Взгляни на могущественное римское государство. Ни в какой другой стране не хлопочут столько о законах, сколько в Риме. Изучение и совершенствование законов там возведены даже в особую науку. Законы преподают в школах, обсуждаются в сенате, самые способные граждане занимаются их улучшением и применением. Законное правосудие считается высшею доблестью, и должность судьи пользуется особым почетом, между тем всем известно, что в настоящее время нет на свете города, более погрязшего в разврате и преступлениях, чем Рим. Вспомни историю Рима, и тебе бросится в глаза, что народ римский в прежние более первобытные времена отличался добродетелями, несмотря на то, что тогда законы не были еще выработаны. В наше же время, рядом с изучением, улучшением и применением законов, нравы римлян всё больше и больше развращаются, число преступлений всё увеличивается, и самые виды преступлений становятся более разнообразными и искусными.

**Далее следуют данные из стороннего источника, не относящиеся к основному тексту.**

(* For any metrized graph $\Gamma$ with $v$ vertices and any vertex $p\in V(\Gamma)$, $$4Kf(\Gamma)=v \cdot \sum_{e_i \in E(\Gamma)}\frac{L_i(R_{a_i,p}-R_{b_i,p})^2}{(L_i+R_i)^2} + \sum_{e_i \in E(\Gamma)}\frac{R_i}{L_i + R_i} \sum_{w \in V(\Gamma)}\big(r(p_i,w)+r(q_i,w)\big),$$ where $p_i,q_i$ denote the end points of $e_i$.
   Context: A metrized graph $\Gamma$ is a finite connected graph (multiple edges and self-loops allowed) each of whose edges is identified with a closed segment of positive length, with a finite nonempty vertex set $V(\Gamma)$ containing every point of valence $\neq2$; $v=\#V(\Gamma)$, $L_i$ the length of $e_i$, $r$ the effective resistance (edges as resistors of resistance equal to length). $Kf(\Gamma)=\frac12\sum_{p,q\in V(\Gamma)}r(p,q)$. For an edge $e_i$: if $\Gamma-e_i$ (interior deleted) is connected, $R_i$ is the effective resistance between $p_i,q_i$ in $\Gamma-e_i$, $R_{a_i,p}=\hat j_{p_i}(p,q_i)$, $R_{b_i,p}=\hat j_{q_i}(p,p_i)$ with $\hat j_z(x,y)$ the voltage function of $\Gamma-e_i$ (potential at $x$ when unit current enters at $y$ and exits at $z$, potential $0$ at $z$); if $e_i$ is a bridge, $R_{a_i,p}=0,R_{b_i,p}=R_i$ for $p$ in the component of $\Gamma-e_i$ containing $p_i$ and $R_{a_i,p}=R_i,R_{b_i,p}=0$ otherwise, with every expression in $R_i$ interpreted as its limit as $R_i\to\infty$; for a self-loop $R_i=0$. *)

theory Defs
  imports Complex_Main
begin

text \<open>A metrized graph is modelled by its combinatorial data: a finite nonempty vertex
  set V, a finite set E of edge labels, endpoint maps src/tgt (so edge e joins src e and
  tgt e; multiple edges and self-loops allowed) and positive lengths L.  Effective
  resistances between vertices are those of the resistor network with resistance L e on e.\<close>

definition adj_rel :: "'e set \<Rightarrow> ('e \<Rightarrow> 'v) \<Rightarrow> ('e \<Rightarrow> 'v) \<Rightarrow> ('v \<times> 'v) set" where
  "adj_rel F src tgt = {(src e, tgt e) | e. e \<in> F} \<union> {(tgt e, src e) | e. e \<in> F}"

definition graph_connected ::
  "'v set \<Rightarrow> 'e set \<Rightarrow> ('e \<Rightarrow> 'v) \<Rightarrow> ('e \<Rightarrow> 'v) \<Rightarrow> bool" where
  "graph_connected V F src tgt \<longleftrightarrow> (\<forall>x\<in>V. \<forall>y\<in>V. (x, y) \<in> (adj_rel F src tgt)\<^sup>*)"

definition metrized_graph ::
  "'v set \<Rightarrow> 'e set \<Rightarrow> ('e \<Rightarrow> 'v) \<Rightarrow> ('e \<Rightarrow> 'v) \<Rightarrow> ('e \<Rightarrow> real) \<Rightarrow> bool" where
  "metrized_graph V E src tgt L \<longleftrightarrow>
     finite V \<and> V \<noteq> {} \<and> finite E \<and>
     (\<forall>e\<in>E. src e \<in> V \<and> tgt e \<in> V \<and> L e > 0) \<and>
     graph_connected V E src tgt"

text \<open>\<open>is_potential V F src tgt L y z u\<close>: u is the potential (on the network with edge set F)
  when unit current enters at y and exits at z, grounded at z (u z = 0); u vanishes off V.\<close>

definition is_potential ::
  "'v set \<Rightarrow> 'e set \<Rightarrow> ('e \<Rightarrow> 'v) \<Rightarrow> ('e \<Rightarrow> 'v) \<Rightarrow> ('e \<Rightarrow> real) \<Rightarrow> 'v \<Rightarrow> 'v \<Rightarrow> ('v \<Rightarrow> real) \<Rightarrow> bool" where
  "is_potential V F src tgt L y z u \<longleftrightarrow>
     u z = 0 \<and> (\<forall>w. w \<notin> V \<longrightarrow> u w = 0) \<and>
     (\<forall>w\<in>V. (\<Sum>e\<in>{e\<in>F. src e = w}. (u w - u (tgt e)) / L e)
            + (\<Sum>e\<in>{e\<in>F. tgt e = w}. (u w - u (src e)) / L e)
            = (if w = y then 1 else 0) - (if w = z then 1 else 0))"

Да иначе и быть не может. Успешно бороться с преступлениями, как и со всяким злом, возможно только христианским орудием – любви, а не языческим орудием мести, наказания, насилия. Я думаю, что ты и сам желал бы, чтобы люди не из страха наказания воздерживались от зла, но чтобы они не хотели делать зло. Неужели ты желал бы, чтобы люди походили на тех заключенных в тюрьмах, которые только потому не делают зла, что их сторожат часовые? Законами предупреждения, пресечения и наказания не сделается того, чтобы люди хотели не делать зла, а хотели бы делать добро. Достигать этого можно только тогда, когда борешься со злом в самом его корне, лежащем внутри человека. Мы так и делаем, а вы боретесь только с наружными последствиями зла. До самого же его источника вы не можете добраться, потому что не ищете его и не знаете, где он.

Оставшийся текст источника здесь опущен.